Use the following tips and questions to help you to eat mindfully:

  • Appreciate your food. Where do the individual foodstuffs come from? Who prepared the food? For what and whom are you grateful in this context? 
  • Approach your food with all your senses. How does your food smell? What does it look like? Which colours can you see? How does it taste? How does it feel as you eat it? How do you feel when you eat it? What are your surroundings as you eat? Can you hear anything?
  • Make sure your portion sizes are appropriate. This way you will know when you have had enough. Listen to your feelings of hunger and satiety. 
  • Enjoy your food in small mouthfuls and chew it thoroughly. In this way you can better recognise and enjoy the different flavours in your food.
  • Eat slowly.
  • Don’t skip any meals. If you don’t eat for a long time, at some point you will feel extremely hungry. This can often result in you choosing the simplest and quickest food options, and frequently you will eat more than you need. Avoid such situations by always eating your meals at the same time and grabbing a small snack if you feel hungry between meals. Read this article about what makes a great snack.
  • Don’t let yourself be distracted. Schedule enough time for your meals. Try not to do anything else while you eat, or to distract yourself by watching television, looking at your phone or something similar. A convivial meal shared with other people can improve your eating experience still more.

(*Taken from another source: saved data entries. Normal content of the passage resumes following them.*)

(* Let $D,p\ge1$ be integers, let $r_1,\dots,r_p,s_1,\dots,s_p,t_1,\dots,t_p\ge0$ be integers, and let $0=d_0<d_1<\cdots<d_p=D$ be integers. Put $A_j=d_j-d_{j-1}$ for $j=1,\dots,p$. For every complex $z$ with $|z|>1$, $$\int_{[0,1]^D}\prod_{j=1}^p\frac{\prod_{\ell=d_{j-1}+1}^{d_j}x_\ell^{r_j}(1-x_\ell)^{s_j}}{(z-x_1\cdots x_{d_j})^{t_j+1}}\,\mathrm{d}x_1\cdots\mathrm{d}x_D = z^{-(t_1+\cdots+t_p+p-1)}\prod_{j=1}^p\frac{s_j!^{A_j}}{t_j!}\sum_{k_1\ge\cdots\ge k_p\ge1}z^{-k_1}\prod_{j=1}^p\frac{(k_j-k_{j+1}+1)_{t_j}}{(k_j+r_j)_{s_j+1}^{A_j}},$$ where $k_{p+1}=1$. The series on the right has depth $p$ and weight $D$.
   Context: $(\alpha)_m=\alpha(\alpha+1)\cdots(\alpha+m-1)$ is the Pochhammer symbol, with $(\alpha)_0=1$. *)

theory Defs
  imports "HOL-Analysis.Analysis"
begin

definition desc_tuples :: "nat \<Rightarrow> (nat \<Rightarrow> nat) set" where
  "desc_tuples p = {k. (\<forall>j. j \<notin> {1..p} \<longrightarrow> k j = 0) \<and> (\<forall>j\<in>{1..p}. 1 \<le> k j)
                      \<and> (\<forall>j\<in>{1..<p}. k (Suc j) \<le> k j)}"

definition knext :: "nat \<Rightarrow> (nat \<Rightarrow> nat) \<Rightarrow> nat \<Rightarrow> nat" where
  "knext p k j = (if j = p then 1 else k (Suc j))"

end

(*
  Put y_j = x_1 ... x_(d_j), so 0 <= y_j <= 1 < |z| on the cube. Each factor of the integrand expands
  as a negative binomial series (z - y_j)^(-(t_j+1)) = sum_n C(n + t_j, t_j) y_j^n z^(-(n+t_j+1)), so the
  integrand is a sum over gap vectors (n_1, ..., n_p). In the term of index n, a variable x_l of the
  j-th block {d_(j-1)+1..d_j} occurs in y_j, ..., y_p and hence with exponent r_j + k_j - 1, where
  k_j = 1 + n_j + ... + n_p; the map n -> k is a bijection onto the tuples k_1 >= ... >= k_p >= 1,
  inverted by n_j = k_j - k_(j+1). Every term is bounded on the cube by its coefficient, and the
  coefficients form the absolutely convergent product series at y_j = 1, so the expansion may be
  integrated term by term. Each term then factors into Beta integrals
  int_0^1 x^(k+r-1) (1-x)^s dx = s! / (k+r)_(s+1).
*)

theory Submission
  imports Defs "HOL-Probability.Infinite_Product_Measure"
begin
(* Fix a scenario $v$, costs $c_i>0$, and let $\beta_i=c_i+v_i$. For each box $i\in[n]$ consider two Poisson processes of arrivals of box $i$, a good one with rate $\lambda_i^g(\tau)\ge 0$ and a bad one with rate $\lambda_i^b(\tau)\ge 0$ at time $\tau>0$, all $2n$ processes mutually independent. Suppose $$\sum_{i\in[n]}\lambda_i^g(\tau)\le\frac{2}{\tau}\quad\text{for all }\tau>0.$$ For a given arrival process, let $\alpha_i$ be the first arrival time of box $i$, $\tau_i=\max\{\alpha_i,\beta_i\}$, $\tau^*=\min_i\tau_i$, $i^*=\arg\min_i\tau_i$, and $Q=\tau^*+\beta_{i^*}$. Let $Q^{g+b}$ be this quantity when arrivals of box $i$ are those of both its good and bad processes combined, and $Q^{g}$ the quantity when only the good arrivals are used. Then $\mathbf{E}[Q^{g+b}]\le\mathbf{E}[Q^{g}]$.
   Context: Ties among arrival/stopping times are zero-probability events and are ignored. The quantity $\tau^*+\beta_{i^*}$ is the upper bound on the expected objective of the Balanced Stopping rule (which stops at time $\tau^*$ and takes box $i^*$) for the Correlated Pandora's Problem, where box $i$ has opening cost $c_i$ and volume $v_i$. *)

theory Defs
  imports "HOL-Probability.Probability"
begin

definition cum_rate :: "(real \<Rightarrow> real) \<Rightarrow> real \<Rightarrow> ennreal" where
  "cum_rate lam t = (\<integral>\<^sup>+ s. ennreal (lam s) * indicator {0<..t} s \<partial>lborel)"

definition exp_neg :: "ennreal \<Rightarrow> ennreal" where
  "exp_neg L = (if L = \<infinity> then 0 else ennreal (exp (- enn2real L)))"

text \<open>X (with values in [0, infinity]; infinity = no arrival) is distributed as the first
  arrival time of a Poisson process on (0, infinity) with rate function lam.\<close>
definition first_arrival_time :: "'a measure \<Rightarrow> (real \<Rightarrow> real) \<Rightarrow> ('a \<Rightarrow> ennreal) \<Rightarrow> bool" where
  "first_arrival_time M lam X \<longleftrightarrow> X \<in> borel_measurable M \<and>
     (\<forall>t>0. emeasure M {\<omega> \<in> space M. ennreal t < X \<omega>} = exp_neg (cum_rate lam t))"

definition rate_fun :: "(real \<Rightarrow> real) \<Rightarrow> bool" where
  "rate_fun lam \<longleftrightarrow> lam \<in> borel_measurable borel \<and> (\<forall>t>0. lam t \<ge> 0) \<and>
     (\<forall>a b. 0 < a \<longrightarrow> a \<le> b \<longrightarrow> set_integrable lborel {a..b} lam)"

definition stop_Q :: "nat \<Rightarrow> (nat \<Rightarrow> real) \<Rightarrow> (nat \<Rightarrow> ennreal) \<Rightarrow> ennreal" where
  "stop_Q n \<beta> \<alpha> =
     (let \<tau> = (\<lambda>i. max (\<alpha> i) (ennreal (\<beta> i)));
          istar = arg_min_on \<tau> {..<n}
      in \<tau> istar + ennreal (\<beta> istar))"

end

theory Submission
  imports Defs
begin

(*
  The bad arrivals are independent of the good ones, so it suffices to show that capping the good
  arrival times at arbitrary deterministic times y_i does not increase E[Q]. Let D be the smallest
  capped box time min_i max(y_i, beta_i). The cap changes Q only on the event that every box time
  tau_i is at least D, and there it makes Q at most 2 D; so we need E[Q; all tau_i >= D] >= 2 D
  times the probability of that event.

  Split the event according to the set A of boxes with beta_i >= D whose first arrival comes by
  beta_i, and let b = min_{i in A} beta_i. On each piece, tau* is at least D plus the time in
  (D, b) before some box stops, and beta_{i*} >= b if no box outside A has stopped by b. By
  independence and the rate bound sum_i lambda_i(s) <= 2 / s, given the piece, no further box stops
  before s with probability at least (D/s)^2. Hence E[Q] on the piece is at least
  D + int_D^b (D/s)^2 ds + b (D/b)^2 = 2 D times its probability.
*)

section \<open>Exponential survival bounds\<close>

lemma exp_neg_ennreal: "0 \<le> r \<Longrightarrow> exp_neg (ennreal r) = ennreal (exp (- r))"
  by (simp add: exp_neg_def)

lemma exp_neg_add: "exp_neg (a + b) = exp_neg a * exp_neg b"
proof (cases "a = \<infinity> \<or> b = \<infinity>")
  case False
  then obtain a' b' where "a = ennreal a'" "b = ennreal b'" "0 \<le> a'" "0 \<le> b'"
    by (cases a rule: ennreal_cases; cases b rule: ennreal_cases) auto
  moreover have "exp (- (a' + b')) = exp (- a') * exp (- b')"
    by (simp add: exp_add[symmetric])
  ultimately show ?thesis
    by (simp add: exp_neg_ennreal ennreal_mult del: ennreal_plus add: ennreal_plus[symmetric])
qed (auto simp: exp_neg_def)

lemma exp_neg_zero [simp]: "exp_neg 0 = 1"
  by (simp add: exp_neg_def)

lemma exp_neg_sum: "finite I \<Longrightarrow> exp_neg (\<Sum>i\<in>I. f i) = (\<Prod>i\<in>I. exp_neg (f i))"
  by (induction I rule: finite_induct) (simp_all add: exp_neg_add)

lemma exp_neg_antimono: "a \<le> b \<Longrightarrow> exp_neg b \<le> exp_neg a"
  by (cases a rule: ennreal_cases; cases b rule: ennreal_cases) (auto simp: exp_neg_def top_unique)

lemma exp_neg_le_1: "exp_neg a \<le> 1"
  using exp_neg_antimono[of 0 a] by simp

definition cum_rate_on :: "(real \<Rightarrow> real) \<Rightarrow> real \<Rightarrow> real \<Rightarrow> ennreal" where
  "cum_rate_on lam a b = (\<integral>\<^sup>+ s. ennreal (lam s) * indicator {a<..b} s \<partial>lborel)"

lemma cum_rate_add_cum_rate_on:
  assumes [measurable]: "lam \<in> borel_measurable borel" and "0 \<le> a" "a \<le> b"
  shows "cum_rate lam b = cum_rate lam a + cum_rate_on lam a b"
proof -
  have "indicator {0<..b} s = (indicator {0<..a} s + indicator {a<..b} s :: ennreal)" for s
    using assms by (auto simp: indicator_def)
  then show ?thesis
    unfolding cum_rate_def cum_rate_on_def by (simp add: distrib_left nn_integral_add)
qed

lemma cum_rate_on_mono: "a \<le> a' \<Longrightarrow> b' \<le> b \<Longrightarrow> cum_rate_on lam a' b' \<le> cum_rate_on lam a b"
  unfolding cum_rate_on_def by (intro nn_integral_mono) (auto simp: indicator_def)

lemma cum_rate_on_empty: "b \<le> a \<Longrightarrow> cum_rate_on lam a b = 0"
  unfolding cum_rate_on_def by (simp add: indicator_def)

lemma sum_cum_rate_on_le_ln:
  assumes meas: "\<And>i. i \<in> I \<Longrightarrow> lam i \<in> borel_measurable borel"
    and nonneg: "\<And>i t. i \<in> I \<Longrightarrow> 0 < t \<Longrightarrow> 0 \<le> lam i t"
    and rate_le: "\<And>t. 0 < t \<Longrightarrow> (\<Sum>i\<in>I. lam i t) \<le> 2 / t"
    and "0 < a" "a \<le> b"
  shows "(\<Sum>i\<in>I. cum_rate_on (lam i) a b) \<le> ennreal (2 * ln b - 2 * ln a)"
proof -
  have "(\<Sum>i\<in>I. cum_rate_on (lam i) a b)
      = (\<integral>\<^sup>+ s. (\<Sum>i\<in>I. ennreal (lam i s) * indicator {a<..b} s) \<partial>lborel)"
    unfolding cum_rate_on_def using meas by (subst nn_integral_sum) auto
  also have "\<dots> \<le> (\<integral>\<^sup>+ s. ennreal (2 / s) * indicator {a..b} s \<partial>lborel)"
  proof (intro nn_integral_mono)
    fix s :: real
    show "(\<Sum>i\<in>I. ennreal (lam i s) * indicator {a<..b} s) \<le> ennreal (2 / s) * indicator {a..b} s"
    proof (cases "s \<in> {a<..b}")
      case True
      then have "(\<Sum>i\<in>I. ennreal (lam i s) * indicator {a<..b} s) = ennreal (\<Sum>i\<in>I. lam i s)"
        using \<open>0 < a\<close> nonneg by (simp add: sum_ennreal)
      also have "\<dots> \<le> ennreal (2 / s)"
        using True \<open>0 < a\<close> rate_le by (intro ennreal_leI) simp
      finally show ?thesis using True by simp
    qed simp
  qed
  also have "\<dots> = ennreal (2 * ln b - 2 * ln a)"
    using \<open>0 < a\<close> \<open>a \<le> b\<close>
    by (intro nn_integral_FTC_Icc) (auto intro!: derivative_eq_intros)
  finally show ?thesis .
qed

lemma exp_neg_ge_ratio_squared:
  assumes "L \<le> ennreal (2 * ln b - 2 * ln a)" "0 < a" "a \<le> b"
  shows "ennreal ((a / b)\<^sup>2) \<le> exp_neg L"
proof -
  have "- (2 * ln b - 2 * ln a) = ln ((a / b)\<^sup>2)"
    using assms by (simp add: ln_realpow ln_div)
  then have "exp (- (2 * ln b - 2 * ln a)) = (a / b)\<^sup>2"
    using assms by simp
  moreover have "0 \<le> 2 * ln b - 2 * ln a"
    using assms by simp
  ultimately show ?thesis
    using exp_neg_antimono[OF assms(1)] by (simp add: exp_neg_ennreal)
qed

section \<open>Integration and independence\<close>

lemma ennreal_add_emeasure_Ico_le:
  fixes a :: real and m :: ennreal
  assumes "ennreal a \<le> m" "0 \<le> a"
  shows "ennreal a + emeasure lborel {s. a \<le> s \<and> ennreal s < m} \<le> m"
proof (cases m rule: ennreal_cases)
  case (real r)
  then have "{s. a \<le> s \<and> ennreal s < m} = {a..<r}"
    using assms by (auto simp: ennreal_less_iff)
  with real assms show ?thesis
    by (simp add: ennreal_plus[symmetric] del: ennreal_plus)
qed simp

lemma ennreal_twice_eq_split:
  fixes d b :: real
  assumes "0 < d" "d \<le> b"
  shows "ennreal (2 * d) = ennreal d + ennreal (d - d\<^sup>2 / b) + ennreal (d\<^sup>2 / b)"
proof -
  have "d\<^sup>2 / b \<le> d"
    using assms by (simp add: power2_eq_square pos_divide_le_eq mult_left_mono)
  then have nonneg: "0 \<le> d - d\<^sup>2 / b" "0 \<le> d\<^sup>2 / b"
    using assms by simp_all
  have "ennreal (2 * d) = ennreal ((d + (d - d\<^sup>2 / b)) + d\<^sup>2 / b)"
    by (rule arg_cong[where f = ennreal]) simp
  also have "\<dots> = ennreal (d + (d - d\<^sup>2 / b)) + ennreal (d\<^sup>2 / b)"
    using nonneg assms by (intro ennreal_plus) auto
  also have "\<dots> = ennreal d + ennreal (d - d\<^sup>2 / b) + ennreal (d\<^sup>2 / b)"
    using nonneg assms by (subst ennreal_plus) auto
  finally show ?thesis .
qed

lemma nn_integral_le_by_event:
  assumes [measurable]: "E \<in> sets M" "g \<in> borel_measurable M"
    and off_E: "\<And>x. x \<in> space M - E \<Longrightarrow> f x \<le> g x"
    and on_E: "\<And>x. x \<in> E \<Longrightarrow> f x \<le> c"
    and mean_on_E: "c * emeasure M E \<le> (\<integral>\<^sup>+x. g x * indicator E x \<partial>M)"
  shows "(\<integral>\<^sup>+x. f x \<partial>M) \<le> (\<integral>\<^sup>+x. g x \<partial>M)"
proof -
  have "(\<integral>\<^sup>+x. f x \<partial>M) \<le> (\<integral>\<^sup>+x. g x * indicator (space M - E) x + c * indicator E x \<partial>M)"
    using off_E on_E by (intro nn_integral_mono) (auto simp: indicator_def)
  also have "\<dots> = (\<integral>\<^sup>+x. g x * indicator (space M - E) x \<partial>M) + c * emeasure M E"
    by (simp add: nn_integral_add nn_integral_cmult_indicator)
  also have "\<dots> \<le> (\<integral>\<^sup>+x. g x * indicator (space M - E) x \<partial>M) + (\<integral>\<^sup>+x. g x * indicator E x \<partial>M)"
    using mean_on_E by (rule add_left_mono)
  also have "\<dots> = (\<integral>\<^sup>+x. g x * indicator (space M - E) x + g x * indicator E x \<partial>M)"
    by (simp add: nn_integral_add)
  also have "\<dots> = (\<integral>\<^sup>+x. g x \<partial>M)"
    by (intro nn_integral_cong) (auto simp: indicator_def)
  finally show ?thesis .
qed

What is mindful eating good for?

Eating mindfully can boost your own wellbeing, increase your enjoyment of your food and result in higher body satisfaction. People who eat mindfully are more likely to eat foods that contribute to a balanced diet and keep you feeling full for longer. What’s more, mindful eating has in some cases been shown to lead to weight loss, because the individuals concerned approached their food with awareness. Mindful eating may help you to better perceive and identify your feelings of hunger and satiety. Sometimes the concept of mindful eating is used as part of treatment for binge-eating, emotional eating, food cravings or even diabetes. We must emphasise here that mindful eating cannot replace any conventional treatment for conditions such as eating disorders.

Exercise: mindfully eating a raisin

Allow 5 to 10 minutes for this exercise and make sure that you are not interrupted. For example, put your smartphone on silent or even turn it off altogether. Now follow these points one by one:

  1. Take a raisin and put it on the table in front of you. If you don’t have any raisins, you could also use a nut or a berry. Any food of around that size will do. 
  2. Imagine that you have just arrived on Earth. You know nothing of this planet. And definitely nothing about this thing (the raisin) in front of you. Where there is no experience, there are no prejudices, fears or expectations. Be open to this experience and breathe deeply a few times to relax yourself. Ready?
  3. Look at the raisin and pick it up in your hand.
  4. Feel its weight.
  5. Examine it. What does the surface look like? How do the wrinkled and smooth spots feel? Look deliberately at the raisin.
  6. Sniff the raisin. What does it smell of? Does the scent trigger anything in you? A feeling? A memory?
  7. Roll the raisin around on your hand and press it between your fingers. Does this make a noise? Is it sticky? Does anything happen to its shape? 
  8. Put the raisin between your lips and leave it there for a moment. How does this feel? 
  9. Put it into your mouth. Don’t chew yet, but let it roll over your tongue. Can you taste anything yet? Do you intend to chew it? Can you feel your salivation changing? 
  10. Bite the raisin once. What changes? 
  11. Chew slowly and pay attention to the way everything – the flavour, your perception and feelings – changes with every bite. What do you learn? 
  12. Swallow it and close your eyes briefly, to allow the experience to affect you.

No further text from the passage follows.